La diferencia entre un niño movido y un posible TDAH no la define una tarea puntual, sino un patrón sostenido. Observar con criterio —sin diagnosticar a la ligera— es una de las competencias que más valora un entorno educativo.

🧠 Consulta de la práctica

"Soy docente y tengo un alumno de 7 años que no para quieto ni sigue instrucciones. ¿Debo asumir que es TDAH?"

No debes asumirlo. A los 7 años, moverse y distraerse es esperable, y un solo contexto no basta. Observa si el patrón es intenso, aparece en casa y escuela, se mantiene en el tiempo y afecta su aprendizaje. Si es así, deriva a un profesional. Diagnosticar no es tu rol; observar con criterio, sí.

Errores comunes al intentar que un niño se concentre

Muchos intentos de mejorar la concentración fracasan no por falta de esfuerzo, sino por errores de método que empeoran justo lo que quieren arreglar.

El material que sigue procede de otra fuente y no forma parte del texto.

lemma spherical_code_DI_code:
  assumes "\<sigma> > 0" "n > 0" "r\<^sup>2 \<le> real n * P" "spherical_code n r (2 * \<sigma> * L * r) N u"
  shows "DI_code n P \<sigma> N (2 * Phi (- L)) (2 * Phi (- L)) u (\<lambda>i. decoding_set n (\<sigma> * L) (u i))"
  unfolding DI_code_def
proof (intro conjI allI impI)
  fix i assume i: "i < N"
  then have code_i: "\<forall>k<n. u i k \<noteq> 0" "norm_n n (u i) = r"
    using assms(4) by (auto simp: spherical_code_def)
  note decoding = decoding_set_gauss_out[OF assms(1,2) code_i(1), where L=L]
  show "(norm_n n (u i))\<^sup>2 \<le> real n * P"
    using code_i(2) assms(3) by simp
  show "decoding_set n (\<sigma> * L) (u i) \<in> sets (gauss_out n \<sigma> (u i))"
    by (rule decoding(1))
  show "1 - 2 * Phi (- L) \<le> measure (gauss_out n \<sigma> (u i)) (decoding_set n (\<sigma> * L) (u i))"
    by (rule decoding(2))
  fix j assume "j < N" "i \<noteq> j"
  then have "inner_n n (u i) (u j) + 2 * \<sigma> * L * norm_n n (u i) \<le> (norm_n n (u i))\<^sup>2"
    using assms(4) i code_i(2) by (auto simp: spherical_code_def)
  then show "measure (gauss_out n \<sigma> (u j)) (decoding_set n (\<sigma> * L) (u i)) \<le> 2 * Phi (- L)"
    using decoding(3) Phi_nonneg[of "- L"] by fastforce
qed

lemma DI_code_of_spherical_code:
  fixes P \<sigma> L :: real
  assumes "P > 0" "\<sigma> > 0" "n > 0"
    and "spherical_code n (sqrt (n * P)) (2 * \<sigma> * L * sqrt (n * P)) N u"
  shows "DI_code n P \<sigma> N (2 * Phi (- L)) (2 * Phi (- L)) u (\<lambda>i. decoding_set n (\<sigma> * L) (u i)) \<and>
         (\<forall>i<N. norm_n n (u i) = sqrt (n * P)) \<and> angle_dense n N u (2 * \<sigma> * L)"
proof -
  have r: "sqrt (n * P) > 0" "(sqrt (n * P))\<^sup>2 = n * P"
    using assms(1,3) by simp_all
  have "2 * \<sigma> * L * sqrt (n * P) / sqrt (n * P) = 2 * \<sigma> * L"
    using r(1) by (intro nonzero_mult_div_cancel_right) (rule less_imp_neq[symmetric])
  then show ?thesis
    using spherical_code_DI_code[OF assms(2,3) _ assms(4)] r
      spherical_code_angle_dense[OF r(1) assms(4)] assms(4)
    unfolding spherical_code_def by simp
qed

section \<open>Lattice codes on a sphere\<close>

lemma bounded_degree_independent_subset:
  assumes "finite X" "\<And>x y. Rel x y \<longleftrightarrow> Rel y x" "\<And>x. x \<in> X \<Longrightarrow> card {y \<in> X. Rel x y} \<le> K"
  shows "\<exists>C\<subseteq>X. card X \<le> (K + 1) * card C \<and> (\<forall>x\<in>C. \<forall>y\<in>C. x \<noteq> y \<longrightarrow> \<not> Rel x y)"
  using assms(1,3)
proof (induction "card X" arbitrary: X rule: less_induct)
  case less
  show ?case
  proof (cases "X = {}")
    case True
    then show ?thesis by auto
  next
    case False
    then obtain x where x: "x \<in> X" by blast
    define B where "B = insert x {y \<in> X. Rel x y}"
    have B: "B \<subseteq> X" "x \<in> B"
      using x by (auto simp: B_def)
    have "card B \<le> K + 1"
      using less.prems x by (simp add: B_def card_insert_if le_SucI)
    have fin: "finite (X - B)" "finite B"
      using less.prems(1) B(1) by (auto intro: finite_subset)
    have "card (X - B) < card X"
      using B less.prems(1) by (intro psubset_card_mono) auto
    moreover have "card {y \<in> X - B. Rel z y} \<le> K" if "z \<in> X - B" for z
      by (rule le_trans[OF card_mono less.prems(2)]) (use less.prems(1) that in auto)
    ultimately have "\<exists>C\<subseteq>X - B. card (X - B) \<le> (K + 1) * card C \<and>
        (\<forall>x\<in>C. \<forall>y\<in>C. x \<noteq> y \<longrightarrow> \<not> Rel x y)"
      by (rule less.hyps[OF _ fin(1)])
    then obtain C where C: "C \<subseteq> X - B" "card (X - B) \<le> (K + 1) * card C"
        "\<forall>x\<in>C. \<forall>y\<in>C. x \<noteq> y \<longrightarrow> \<not> Rel x y"
      by blast
    have "card X = card (X - B) + card B"
      using card_Diff_subset[OF fin(2) B(1)] card_mono[OF less.prems(1) B(1)] by simp
    also have "\<dots> \<le> (K + 1) * card C + (K + 1)"
      using C(2) \<open>card B \<le> K + 1\<close> by linarith
    also have "\<dots> = (K + 1) * card (insert x C)"
      using C(1) B(2) finite_subset[OF C(1) fin(1)] by (subst card_insert_disjoint) auto
    finally have "card X \<le> (K + 1) * card (insert x C)" .
    moreover have "\<forall>y\<in>C. \<not> Rel x y"
      using C(1) unfolding B_def by blast
    ultimately show ?thesis
      using C(1,3) B assms(2) by (intro exI[of _ "insert x C"]) auto
  qed
qed

definition int_l1_ball :: "nat \<Rightarrow> nat \<Rightarrow> (nat \<Rightarrow> int) set" where
  "int_l1_ball n s = {z. (\<forall>i\<ge>n. z i = 0) \<and> (\<Sum>i<n. \<bar>z i\<bar>) \<le> int s}"

lemma int_l1_ball_0: "int_l1_ball n 0 = {\<lambda>_. 0}"
proof -
  have "z i = 0" if "z \<in> int_l1_ball n 0" for z i
    using that sum_nonneg_eq_0_iff[of "{..<n}" "\<lambda>i. \<bar>z i\<bar>"]
    by (cases "i < n") (auto simp: int_l1_ball_def intro: antisym[OF _ sum_nonneg])
  then show ?thesis
    by (auto simp: int_l1_ball_def)
qed

lemma int_l1_ball_Suc_subset:
  assumes "n > 0"
  shows "int_l1_ball n (Suc s)
           \<subseteq> (\<lambda>(z, i, e). z(i := z i + e)) ` (int_l1_ball n s \<times> {..<n} \<times> {-1, 0, 1})"
proof
  fix z assume z: "z \<in> int_l1_ball n (Suc s)"
  show "z \<in> (\<lambda>(z, i, e). z(i := z i + e)) ` (int_l1_ball n s \<times> {..<n} \<times> {-1, 0, 1})"
  proof (cases "\<exists>i<n. z i \<noteq> 0")
    case True
    then obtain i where i: "i < n" "z i \<noteq> 0" by blast
    define z' where "z' = z(i := z i - sgn (z i))"
    have "\<bar>z' i\<bar> + 1 = \<bar>z i\<bar>"
      using i(2) by (auto simp: z'_def sgn_if)
    then have "(\<Sum>j<n. \<bar>z' j\<bar>) + 1 = (\<Sum>j<n. \<bar>z j\<bar>)"
      using i(1) by (simp add: sum.remove[of "{..<n}" i] z'_def)
    then have "z' \<in> int_l1_ball n s"
      using z i(1) by (auto simp: int_l1_ball_def z'_def)
    moreover have "z = z'(i := z' i + sgn (z i))"
      by (simp add: z'_def)
    ultimately show ?thesis
      using i(1) by (intro image_eqI[of _ _ "(z', i, sgn (z i))"]) (auto simp: sgn_if)
  next
    case False
    have "z = (\<lambda>_. 0)"
    proof
      fix i
      show "z i = 0"
        using False z by (cases "i < n") (auto simp: int_l1_ball_def)
    qed
    then have "z = z(0 := z 0 + 0)" "z \<in> int_l1_ball n s"
      by (auto simp: int_l1_ball_def)
    then show ?thesis
      using assms by (intro image_eqI[of _ _ "(z, 0, 0)"]) auto
  qed
qed

lemma finite_int_l1_ball:
  assumes "n > 0"
  shows "finite (int_l1_ball n s)"
proof (induction s)
  case 0
  then show ?case by (simp add: int_l1_ball_0)
next
  case (Suc s)
  show ?case
    by (rule finite_subset[OF int_l1_ball_Suc_subset[OF assms]]) (use Suc in auto)
qed

lemma card_int_l1_ball_le:
  assumes "n > 0"
  shows "card (int_l1_ball n s) \<le> (3 * n) ^ s"
proof (induction s)
  case 0
  then show ?case by (simp add: int_l1_ball_0)
next
  case (Suc s)
  have "card (int_l1_ball n (Suc s))
      \<le> card ((\<lambda>(z, i, e). z(i := z i + e)) ` (int_l1_ball n s \<times> {..<n} \<times> ({-1, 0, 1} :: int set)))"
    using int_l1_ball_Suc_subset[OF assms] finite_int_l1_ball[OF assms] by (intro card_mono) auto
  also have "\<dots> \<le> card (int_l1_ball n s) * (n * 3)"
    by (rule card_image_le[THEN order_trans])
      (simp_all add: card_cartesian_product finite_int_l1_ball[OF assms])
  also have "\<dots> \<le> (3 * n) ^ Suc s"
    using Suc by (simp add: mult.commute)
  finally show ?case .
qed

lemma abs_le_power2_int: "\<bar>k :: int\<bar> \<le> k\<^sup>2"
proof (cases "k = 0")
  case False
  then have "\<bar>k\<bar> * 1 \<le> \<bar>k\<bar> * \<bar>k\<bar>"
    by (intro mult_left_mono) auto
  then show ?thesis
    by (simp add: power2_eq_square)
qed simp

lemma exists_separated_subset:
  fixes Y :: "(nat \<Rightarrow> int) set"
  assumes "finite Y" "n > 0" "Y \<subseteq> extensional {..<n}"
  shows "\<exists>C\<subseteq>Y. card Y \<le> ((3 * n) ^ R + 1) * card C \<and>
           (\<forall>x\<in>C. \<forall>y\<in>C. x \<noteq> y \<longrightarrow> int R \<le> (\<Sum>i<n. (x i - y i)\<^sup>2))"
proof -
  define close where "close x y \<longleftrightarrow> (\<Sum>i<n. (x i - y i)\<^sup>2) < int R" for x y :: "nat \<Rightarrow> int"
  have close_sym: "close x y \<longleftrightarrow> close y x" for x y
    unfolding close_def by (simp add: power2_commute)
  have "card {y \<in> Y. close x y} \<le> (3 * n) ^ R" if x: "x \<in> Y" for x
  proof -
    have "(\<lambda>i. y i - x i) \<in> int_l1_ball n R" if y: "y \<in> Y" "close x y" for y
    proof -
      have "x \<in> extensional {..<n}" "y \<in> extensional {..<n}"
        using assms(3) x y(1) by auto
      then have "\<forall>i\<ge>n. y i - x i = 0"
        by (simp add: extensional_def)
      moreover have "(\<Sum>i<n. \<bar>y i - x i\<bar>) \<le> (\<Sum>i<n. (x i - y i)\<^sup>2)"
        by (intro sum_mono) (subst power2_commute, rule abs_le_power2_int)
      with y(2) have "(\<Sum>i<n. \<bar>y i - x i\<bar>) \<le> int R"
        unfolding close_def by linarith
      ultimately show ?thesis
        unfolding int_l1_ball_def by blast
    qed
    then have "(\<lambda>y i. y i - x i) ` {y \<in> Y. close x y} \<subseteq> int_l1_ball n R"
      by blast
    moreover have "inj_on (\<lambda>y i. y i - x i) {y \<in> Y. close x y}"
      by (auto simp: inj_on_def fun_eq_iff)
    ultimately have "card {y \<in> Y. close x y} \<le> card (int_l1_ball n R)"
      using finite_int_l1_ball[OF assms(2)] by (intro card_inj_on_le) auto
    also have "\<dots> \<le> (3 * n) ^ R"
      by (rule card_int_l1_ball_le[OF assms(2)])
    finally show ?thesis .
  qed
  then have "\<exists>C\<subseteq>Y. card Y \<le> ((3 * n) ^ R + 1) * card C \<and>
      (\<forall>x\<in>C. \<forall>y\<in>C. x \<noteq> y \<longrightarrow> \<not> close x y)"
    by (rule bounded_degree_independent_subset[OF assms(1) close_sym])
  then show ?thesis
    by (simp only: close_def not_less)
qed

lemma exists_lattice_sphere_subset:
  assumes "n > 0" "m \<ge> 1"
  shows "\<exists>S Y. 0 < S \<and> S \<le> n * m\<^sup>2 \<and> Y \<subseteq> PiE {..<n} (\<lambda>_. {1..int m}) \<and>
           (\<forall>x\<in>Y. (\<Sum>i<n. (x i)\<^sup>2) = int S) \<and> m ^ n \<le> n * m\<^sup>2 * card Y"
proof -
  define X where "X = PiE {..<n} (\<lambda>_. {1..int m})"
  define sq where "sq x = nat (\<Sum>i<n. (x i)\<^sup>2)" for x :: "nat \<Rightarrow> int"
  have "sq \<in> X \<rightarrow> {1..n * m\<^sup>2}"
  proof
    fix x assume "x \<in> X"
    then have x: "1 \<le> x i" "x i \<le> int m" if "i < n" for i
      using that by (auto simp: X_def PiE_iff)
    have "(1::int) \<le> (x 0)\<^sup>2"
      using x[of 0] assms(1) by (simp add: one_le_power)
    also have "\<dots> \<le> (\<Sum>i<n. (x i)\<^sup>2)"
      using assms(1) by (intro member_le_sum) auto
    finally have "1 \<le> (\<Sum>i<n. (x i)\<^sup>2)" .
    moreover have "(\<Sum>i<n. (x i)\<^sup>2) \<le> (\<Sum>i<n. (int m)\<^sup>2)"
      using x by (intro sum_mono power_mono) (auto intro: order_trans[OF zero_le_one])
    ultimately show "sq x \<in> {1..n * m\<^sup>2}"
      by (auto simp: sq_def nat_le_iff)
  qed
  moreover have "finite X" "card X = m ^ n"
    by (simp_all add: X_def finite_PiE card_PiE)
  ultimately obtain S where S: "S \<in> {1..n * m\<^sup>2}" "m ^ n \<le> card (sq -` {S} \<inter> X) * (n * m\<^sup>2)"
    using pigeonhole_card[of sq X "{1..n * m\<^sup>2}"] assms by auto
  moreover have "(\<Sum>i<n. (x i)\<^sup>2) = int S" if "x \<in> sq -` {S} \<inter> X" for x
    using that S(1) unfolding sq_def by (auto simp: nat_eq_iff split: if_splits)
  moreover have "sq -` {S} \<inter> X \<subseteq> PiE {..<n} (\<lambda>_. {1..int m})"
    by (simp add: X_def)
  ultimately show ?thesis
    by (intro exI[of _ S] exI[of _ "sq -` {S} \<inter> X"]) (simp add: mult.commute)
qed

lemma inner_le_of_sum_sq_diff:
  fixes x y :: "nat \<Rightarrow> int"
  assumes "(\<Sum>k<n. (x k)\<^sup>2) = int S" "(\<Sum>k<n. (y k)\<^sup>2) = int S" "int R \<le> (\<Sum>k<n. (x k - y k)\<^sup>2)"
  shows "of_int (\<Sum>k<n. x k * y k) + real R / 2 \<le> real S"
proof -
  have "int R \<le> (\<Sum>k<n. (x k)\<^sup>2) + (\<Sum>k<n. (y k)\<^sup>2) - 2 * (\<Sum>k<n. x k * y k)"
    using assms(3) by (simp add: power2_diff sum.distrib sum_subtractf sum_distrib_left mult_ac)
  then have "real_of_int (int R) \<le> of_int (2 * int S - 2 * (\<Sum>k<n. x k * y k))"
    unfolding assms(1,2) by (simp only: of_int_le_iff mult_2)
  then show ?thesis
    by simp
qed

lemma spherical_code_of_int_points:
  fixes Y :: "(nat \<Rightarrow> int) set"
  assumes "finite Y" "S > 0" "r > 0"
    and nonzero: "\<forall>x\<in>Y. \<forall>k<n. x k \<noteq> 0"
    and sphere: "\<forall>x\<in>Y. (\<Sum>k<n. (x k)\<^sup>2) = int S"
    and separated: "\<forall>x\<in>Y. \<forall>y\<in>Y. x \<noteq> y \<longrightarrow> int R \<le> (\<Sum>k<n. (x k - y k)\<^sup>2)"
  shows "\<exists>u. spherical_code n r (r\<^sup>2 * R / (2 * S)) (card Y) u"
proof -
  obtain h where h: "bij_betw h {0..<card Y} Y"
    using ex_bij_betw_nat_finite[OF assms(1)] by blast
  define t where "t = r / sqrt S"
  have t2: "t\<^sup>2 * S = r\<^sup>2"
    using assms(2) by (simp add: t_def power_divide)
  define u where "u i k = t * h i k" for i k
  have inner_u: "inner_n n (u i) (u j) = t\<^sup>2 * of_int (\<Sum>k<n. h i k * h j k)" for i j
    by (simp add: inner_n_def u_def sum_distrib_left power2_eq_square mult_ac)
  have hY: "h i \<in> Y" if "i < card Y" for i
    using h that by (auto simp: bij_betw_def)
  have "u i k \<noteq> 0" if "i < card Y" "k < n" for i k
    using nonzero hY[OF that(1)] that(2) assms(2,3) by (simp add: u_def t_def)
  moreover have "norm_n n (u i) = r" if "i < card Y" for i
  proof -
    have "(\<Sum>k<n. h i k * h i k) = int S"
      using sphere hY[OF that] by (simp add: power2_eq_square)
    then have "inner_n n (u i) (u i) = r\<^sup>2"
      by (simp add: inner_u t2)
    then show ?thesis
      using assms(3) by (simp add: norm_n_def)
  qed
  moreover have "inner_n n (u i) (u j) + r\<^sup>2 * R / (2 * S) \<le> r\<^sup>2"
    if "i < card Y" "j < card Y" "i \<noteq> j" for i j
  proof -
    have "h i \<noteq> h j"
      using h that by (auto simp: bij_betw_def inj_on_def)
    then have "of_int (\<Sum>k<n. h i k * h j k) + real R / 2 \<le> real S"
      using separated sphere hY that by (intro inner_le_of_sum_sq_diff) auto
    then have "t\<^sup>2 * (of_int (\<Sum>k<n. h i k * h j k) + real R / 2) \<le> t\<^sup>2 * S"
      by (rule mult_left_mono) simp
    moreover have "t\<^sup>2 * (real R / 2) = r\<^sup>2 * R / (2 * S)"
      using assms(2) by (simp flip: t2)
    ultimately show ?thesis
      by (simp add: inner_u t2 distrib_left)
  qed
  ultimately show ?thesis
    unfolding spherical_code_def by (intro exI[of _ u]) blast
qed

Error frecuente Por qué ocurre Cómo evitarlo
Exigir sesiones largas de estudio sin pausas Ignora los límites de la atención sostenida por edad Trabajar en bloques cortos con descansos activos
Regañar o presionar cuando el niño se distrae El estrés reduce todavía más la atención disponible Redirigir con calma y reconocer el foco logrado
Permitir pantallas justo antes de una tarea de foco La sobreestimulación deja al cerebro "acelerado" Dar una transición tranquila antes de concentrarse
Llenar el ambiente de estímulos "para motivar" El exceso de estímulos compite por la atención Ofrecer un espacio ordenado y con pocos distractores
Pedir varias cosas a la vez La atención dividida no funciona en los niños Dar una instrucción y una tarea por vez

El hilo común de estos errores es tratar la concentración como una cuestión de voluntad. La atención no se ordena, se cultiva. El curso de Psicología del Aprendizaje y Neuroeducación Infantil de Certhana Academy dedica sus unidades de procesos cognitivos y estrategias a enseñar exactamente cómo hacerlo, paso a paso y con base científica.

Preguntas frecuentes

¿Cómo mejorar la concentración en niños de forma efectiva?
Para mejorar la concentración en niños conviene fragmentar las tareas en bloques cortos, reducir los distractores del entorno, alternar foco con pausas de movimiento y convertir la tarea en un reto. Estas estrategias funcionan porque respetan cómo madura la atención infantil, en lugar de exigir un esfuerzo que el cerebro del niño aún no puede sostener.
¿Cuánto tiempo puede concentrarse un niño según su edad?
Un niño puede mantener la atención en tareas poco estimulantes durante unos pocos minutos por cada año de edad. A modo orientativo: de 4 a 8 minutos entre los 3 y 4 años, y de 20 a 30 minutos entre los 10 y 12. Son rangos aproximados que varían según el interés, la motivación y el tipo de tarea.
¿Qué ejercicios ayudan a mejorar la atención en niños?
Los ejercicios de concentración para niños más efectivos incluyen el mindfulness o atención plena, los juegos de foco con cronómetro, la fragmentación de tareas en bloques y las pausas activas con movimiento. Practicar unos minutos al día entrena la atención igual que un músculo, con mejoras visibles en pocas semanas.
¿Cuándo la falta de atención en un niño es motivo de preocupación?
La falta de atención preocupa cuando es intensa, aparece en todos los contextos (casa, escuela y juego), se mantiene en el tiempo y afecta el aprendizaje o las relaciones. Un solo episodio de distracción es normal; un patrón sostenido con esas características justifica consultar a un profesional, sin diagnosticar por cuenta propia.
¿Cómo puedo aprender a aplicar estrategias de atención con base científica?
Aplicar estrategias de atención con base científica requiere entender cómo funcionan la atención y la memoria en el cerebro infantil. Una certificación aplicada, como la de Psicología del Aprendizaje y Neuroeducación Infantil de Certhana Academy, forma en técnicas de focalización, mindfulness y diseño de tareas, listas para usar en el aula o en casa.

Conclusión

Mejorar la concentración en niños no es cuestión de exigir más, sino de entender mejor. Ajustar las expectativas a la edad, distinguir los tipos de atención, aplicar estrategias con base científica y evitar los errores más comunes transforma la frustración diaria en avances reales.

La atención de un niño no se ordena: se acompaña y se entrena. Aprender a hacerlo es darle una de las herramientas más valiosas para toda su vida escolar, y a ti, la tranquilidad de saber que estás ayudando de verdad.